原代码print	优化后print	核心改进
`print(resp1['answer'])` `print(resp2['answer'])`	`print('=== 第一轮对话（session_id=zs123456） ===')` `print(f'用户问题：xxx')` `print(f'模型回答：xxx')`	1. 标注会话ID，区分不同用户/轮次的对话； 2. 展示“用户问题→模型回答”的对应关系，小白易理解； 3. 换行分隔两轮对话，提升输出可读性

5.2 输出示例（参考）

=== 第一轮对话（session_id=zs123456） ===
用户问题：What is Task Decomposition?
模型回答：Task Decomposition is the process of breaking down complex tasks into smaller, manageable sub-tasks to simplify execution. It is a core technique in agent systems to handle complicated objectives efficiently. It helps reduce the cognitive load of the agent and improve task completion accuracy.

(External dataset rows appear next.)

text \<open>Block \<open>j\<close> may carry a target vector of size at most \<open>j^(1/4)\<close>.\<close>
definition budget :: "nat \<Rightarrow> real" where
  "budget j = sqrt (sqrt (real j))"

lemma budget_nonneg: "budget j \<ge> 0"
  by (simp add: budget_def)

lemma budget_le: "budget j \<le> real j"
proof (cases "j = 0")
  case False
  have "sqrt (sqrt (real j)) \<le> sqrt (real j)" "sqrt (real j) \<le> real j"
    using False by (simp_all add: sqrt_le_self)
  then show ?thesis unfolding budget_def by linarith
qed (simp add: budget_def)

text \<open>The budget grows without bound, so every fixed target vector eventually fits.\<close>
lemma budget_eventually_ge: "\<forall>\<^sub>F j in sequentially. c \<le> budget j"
proof -
  have "filterlim budget at_top sequentially"
    unfolding budget_def by real_asymp
  then show ?thesis by (simp add: filterlim_at_top)
qed

definition block_vec :: "nat \<Rightarrow> nat \<Rightarrow> real" where
  "block_vec j =
     (if vec_size (multiplicity 2 j) \<le> budget j then rat_vec (multiplicity 2 j) else (\<lambda>_. 0))"

lemma block_vec_weighted_le: "(\<Sum>i<N. (block_vec j i)^2 * real (i + 1)) \<le> budget j"
  using rat_vec_weighted_le[where N=N and k="multiplicity 2 j"] budget_nonneg[of j]
  by (auto simp: block_vec_def)

lemma block_vec_support:
  assumes "budget j \<le> real i"
  shows "block_vec j i = 0"
  using assms rat_vec_support[of "multiplicity 2 j" i] by (auto simp: block_vec_def)

lemma multiplicity_odd_multiple: "multiplicity (2::nat) (2^(k+1) * r + 2^k) = k"
proof -
  have factor: "2^(k+1) * r + 2^k = (2 * r + 1) * (2::nat)^k" by (simp add: algebra_simps)
  have "multiplicity (2::nat) (2^(k+1) * r + 2^k) = multiplicity 2 ((2 * r + 1) * (2::nat)^k)"
    by (simp only: factor)
  also have "\<dots> = multiplicity 2 ((2::nat)^k)"
    by (rule multiplicity_prime_elem_times_other) simp_all
  also have "\<dots> = k" by (simp add: multiplicity_same_power)
  finally show ?thesis .
qed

=== 第二轮对话（session_id=ls123456） ===
用户问题：What are common ways of doing it?
模型回答：Common ways of Task Decomposition include hierarchical decomposition, which breaks tasks into nested sub-tasks; functional decomposition, which splits tasks by different functions; and temporal decomposition, which divides tasks based on time sequence. It may also involve goal-oriented decomposition to align sub-tasks with final objectives.

总结（关键点回顾）

核心能力：历史感知检索器解决RAG“模糊追问无上下文”的痛点，实现精准检索；
核心流程：网页加载→文本切割→向量存储→历史感知检索→问答→会话历史管理；
关键组件：
- create_history_aware_retriever是实现历史感知的核心；
- RunnableWithMessageHistory是会话隔离、上下文关联的关键；
实用技巧：
- 文本切割时设置chunk_overlap避免语义割裂；
- 通过session_id隔离不同用户的会话，避免历史混淆；
- 提示模板中明确“仅基于上下文回答”，避免模型编造答案。